Making Mathematics Open Source
Published on October 31, 2025

In recent years, interactive theorem proving has revealed unexpected potential, both enhancing collaboration among professional mathematicians and making the field accessible to software engineers and those from less traditional academic backgrounds.
Many of the benefits of mathematicians adopting such technologies are obvious - digitizing a library of theorems would open it up to search and other automotive tools, which could then be used to assist in the building of more complicated modern proofs. Should we reach the point where modern research level proofs are built with or at least checked by a theorem prover, ensuring correctness would no longer be a matter of faith in the author or in the wait for peer review.
The technology is still in its infancy in adoption by the larger mathematical community, in part since to get a proof to make sense to a computer requires consideration of many smaller details - often hand waved away or treated more informally in real life. In turn, the technology is ways off from mathematicians feeling it’s easier to work with proof assistants than without, and therefore worth the opportunity cost to learn.
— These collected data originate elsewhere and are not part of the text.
lemma finite_jacobi_product_rescale:
  fixes q w :: "'a::field"
  assumes q: "q \<noteq> 0" and w: "w \<noteq> 0"
  shows "(\<Prod>i<N. 1 + w * q ^ i) * (\<Prod>i<N. 1 + q ^ Suc i / w)
       = q ^ (Suc N choose 2) / w ^ N * (\<Prod>i<2 * N. 1 + w / q ^ N * q ^ i)"
proof -
  let ?z = "w / q ^ N"
  have "(\<Prod>i<2 * N. 1 + ?z * q ^ i) = (\<Prod>i<N. 1 + ?z * q ^ i) * (\<Prod>i<N. 1 + ?z * q ^ (N + i))"
    by (simp add: mult_2 prod_lessThan_add)
  also have "(\<Prod>i<N. 1 + ?z * q ^ (N + i)) = (\<Prod>i<N. 1 + w * q ^ i)"
    using q by (simp add: power_add)
  also have "(\<Prod>i<N. 1 + ?z * q ^ i) = (\<Prod>i<N. 1 + ?z * q ^ (N - Suc i))"
    by (rule prod.nat_diff_reindex[symmetric])
  also have "\<dots> = (\<Prod>i<N. w / q ^ Suc i * (1 + q ^ Suc i / w))"
  proof (rule prod.cong[OF refl])
    fix i assume "i \<in> {..<N}"
    then have "N = (N - Suc i) + Suc i" by simp
    then have "q ^ N = q ^ (N - Suc i) * q ^ Suc i" by (metis power_add)
    then show "1 + ?z * q ^ (N - Suc i) = w / q ^ Suc i * (1 + q ^ Suc i / w)"
      using q w by (simp add: field_simps)
  qed
  also have "\<dots> = w ^ N / q ^ (Suc N choose 2) * (\<Prod>i<N. 1 + q ^ Suc i / w)"
    by (simp add: prod.distrib prod_dividef power_sum flip: sum_Suc_eq_choose_two)
  finally show ?thesis
    using q w by (simp add: field_simps)
qed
That being said, this comes closer to being a reality the more automation there is and the more mathematics gets digitzed.
Great strides are already being seen - a library called mathlib for the theorem prover Lean has seen over half the standard undergrad math curriculum programmed into it the last few years (as of writing, it contains 116,770 definitions and 236,001 theorems). Several laborious proofs have also been formally verified, and last year, a notoriously difficult problem - the value of the fifth busy beaver number was proven specifically in the rocq theorem prover. Not just that, but it was done by a group that included many non-mathematicians.
Background
The busy beaver function is one which gives deep insights into computability, as the nth busy beaver is the maximum number of steps a machine with n rules can take before halting. This means if you know the nth busy beaver and your program runs for longer than that, that program is guaranteed to run forever. At first glance, this might suggest a workaround to the famously uncomputable halting problem, until one learns that this function too is uncomputable. Uncomputable here means that there cannot exist any algorithm that can take any input and spit out the corresponding output, and it shows up constantly in the theory of computation to remind us of the expressive power and limitations of what computers can and can’t do. Therefore, it is not even a given that we’ll always be able to find the next busy beaver number, and the difficulty certainly explodes to a tremendous degree with each value that has been found.
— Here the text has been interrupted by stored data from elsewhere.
definition two_to_one_dom :: "(complex \<times> complex) set" where
  "two_to_one_dom = {(U, V). U \<noteq> 3 \<and> U \<noteq> 9 \<and> U \<noteq> -3 \<and> 4 * U + 13 \<noteq> 0 \<and> V \<noteq> 0
      \<and> 2 * V - U - 3 \<noteq> 0 \<and> 2 * V - U + 3 \<noteq> 0 \<and> g_map ((2 * V - U - 1) / 2) - U \<noteq> 0
      \<and> exc_poly U V \<noteq> 0}"

lemma preimage_in_conj_dom:
  assumes W: "(U, V) \<in> two_to_one_dom" and r: "g_map r = U"
  shows "(r, V / G_coeff r) \<in> conj_dom"
proof -
  have W': "U \<noteq> 3" "U \<noteq> 9" "U \<noteq> -3" "V \<noteq> 0" "2 * V - U - 3 \<noteq> 0" "2 * V - U + 3 \<noteq> 0"
    "g_map ((2 * V - U - 1) / 2) - U \<noteq> 0" "exc_poly U V \<noteq> 0"
    using W unfolding two_to_one_dom_def by auto
  have r123: "r \<noteq> 1" "r \<noteq> -2" "r \<noteq> -3" using r W'(1-3) by (auto simp: g_map_def)
  hence r0: "r - 1 \<noteq> 0" "r + 2 \<noteq> 0" "r + 3 \<noteq> 0" by (auto simp: add_eq_0_iff2)
  define v where "v = V / G_coeff r"
  have hv: "v * ((r - 1) * (r + 2)) = V * (r + 3)" unfolding v_def G_coeff_def using r0 by simp
  have hr: "r\<^sup>2 - r - 3 = U" using r unfolding g_map_def by simp
  have "v \<noteq> 0" using W'(4) r0 unfolding v_def G_coeff_def by simp
  moreover have "2 * v - r - 3 \<noteq> 0"
  proof
    assume "2 * v - r - 3 = 0"
    hence "(r + 3) * (2 * r - (2 * V - U - 1)) = 0" using hv hr by algebra
    hence "2 * r - (2 * V - U - 1) = 0" using r0(3) by (metis mult_eq_0_iff)
    hence "r = (2 * V - U - 1) / 2" by (simp add: field_simps)
    thus False using r W'(7) by (metis diff_self)
  qed
  moreover have "2 * v - r + 3 \<noteq> 0"
  proof
    assume "2 * v - r + 3 = 0"
    hence "r * (2 * V - U + 3) = 3 - U - 6 * V" using hv hr by algebra
    hence "exc_poly U V = (2 * V - U + 3)\<^sup>2 * (r\<^sup>2 - r - 3 - U)"
      unfolding exc_poly_def by algebra
    thus False using hr W'(8) by simp
  qed
  moreover have "(r + 2) * ((2 * v - r) * (r - 1) - r + 9) = (r + 3) * (2 * V - U + 3)"
    "(r - 1) * ((2 * v - r) * (r + 2) - r) = (r + 3) * (2 * V - U - 3)"
    "2 * (r - 1) * (r + 2) * v - (U + 3) * (r + 3) = (r + 3) * (2 * V - U - 3)"
    "2 * (r - 1) * (r + 2) * v - (U - 3) * (r + 3) = (r + 3) * (2 * V - U + 3)"
    using hv hr by algebra+
  hence "(2 * v - r) * (r - 1) - r + 9 \<noteq> 0" "(2 * v - r) * (r + 2) - r \<noteq> 0"
    "2 * (r - 1) * (r + 2) * v - (g_map r + 3) * (r + 3) \<noteq> 0"
    "2 * (r - 1) * (r + 2) * v - (g_map r - 3) * (r + 3) \<noteq> 0"
    using r r0 W'(5,6) by (metis mult_eq_0_iff mult_zero_right)+
  ultimately show ?thesis using r123 unfolding conj_dom_def v_def by simp
qed

lemma F_map_varpi_inv_preimage:
  assumes p: "p \<in> varpi_dom" and w: "varpi p = (U, V)" "(U, V) \<in> two_to_one_dom" and r: "g_map r = U"
  defines "q \<equiv> varpi_inv (r, V / G_coeff r)"
  shows "q \<in> F_dom" "F_map q = p" "fst (varpi q) = r"
proof -
  have R: "(r, V / G_coeff r) \<in> conj_dom" using preimage_in_conj_dom w r by simp
  hence "G_coeff r \<noteq> 0" using fst_conj_dom[OF R] by (auto simp: G_coeff_def add_eq_0_iff2)
  hence "G_map (r, V / G_coeff r) = varpi p" using r w by (simp add: G_map_eq)
  thus "q \<in> F_dom" "F_map q = p"
    using F_map_varpi_inv[OF R] varpi_inv_varpi[OF p] unfolding q_def by simp_all
  show "fst (varpi q) = r" unfolding q_def using R conj_dom_subset varpi_varpi_inv by auto
qed

lemma F_map_preimage_eq_varpi_inv:
  assumes p: "p \<in> varpi_dom" and w: "varpi p = (U, V)" "(U, V) \<in> two_to_one_dom"
    and q: "q \<in> F_dom" "F_map q = p"
  obtains r where "g_map r = U" "q = varpi_inv (r, V / G_coeff r)"
proof -
  obtain x y where qxy: "q = (x, y)" by fastforce
  have D: "(x - 1 - y) * (x\<^sup>2 - 1 + y - y\<^sup>2) \<noteq> 0" using q qxy unfolding F_dom_def by auto
  have W: "U \<noteq> 3" "U \<noteq> 9" "U \<noteq> -3" "V \<noteq> 0" using w unfolding two_to_one_dom_def by auto
  have Fq: "F_map (x, y) = p" using q qxy by simp
  have "snd p \<noteq> 0" using p unfolding varpi_dom_def by auto
  moreover have "snd p = y\<^sup>2 * (x - 1 + y) / ((x - 1 - y) * (x\<^sup>2 - 1 + y - y\<^sup>2))"
    unfolding Fq[symmetric] F_map_frac[OF D] by simp
  ultimately have y: "y \<noteq> 0" and E: "x - 1 + y \<noteq> 0" by auto
  obtain u v where uv: "varpi (x, y) = (u, v)" by fastforce
  have gu: "g_map u = U" using fst_varpi_F_map[OF y E D] Fq w uv by simp
  hence "u \<noteq> 1" "u \<noteq> -2" "u \<noteq> -3" using W(1-3) by (auto simp: g_map_def)
  hence Gu: "G_coeff u \<noteq> 0" and u3: "u + 3 \<noteq> 0" by (auto simp: G_coeff_def add_eq_0_iff2)
  have "V = G_coeff u * v" using snd_varpi_F_map[OF y E D] Fq w uv u3 by simp
  hence v: "v = V / G_coeff u" "v \<noteq> 0" using Gu W(4) by auto
  have "(x, y) \<in> varpi_dom" using mem_varpi_dom_iff[OF y] uv v(2) by simp
  hence "q = varpi_inv (u, V / G_coeff u)" using varpi_inv_varpi uv qxy v(1) by metis
  with gu show thesis by (rule that)
qed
With BB(1), there are only two possible simple cases one need look at, whereas with BB(2), there are over 6000. That said, automation can quickly be used to prove its value is 6. With 3 rules, there are millions of possible machines, and billions for 4. At the very least for 2 and 3 rule machines there are few endlessly looping machines - once one arrives at 4 the number spikes to thousands. Still, through meticulous case analysis the 4th busy beaver was eventually identified at 107 - and as a testament to its progressive difficulty, the 5th busy beaver in turn has eluded researchers for the last 40 years.
The result was finally obtained at 47,176,870. What’s more amazing is that this result, conjectured by professional mathematicians, ultimately was found by an online community who was working to verify their partial results in rocq. That group that had grown to around 20 researchers featured many from non-traditional academic backgrounds outside the mathematical community. The final proof itself was found and formalized in 40,000 lines in rocq by an anonymous discord user named mxdys - whose background very little is known about.
Developments like these show it’s an exciting time for interactive theorem provers. They demonstrate the possibility that anyone, professional or not, might be able to collaborate on theorems as a legitimate possibility in the near future - an exciting possibility!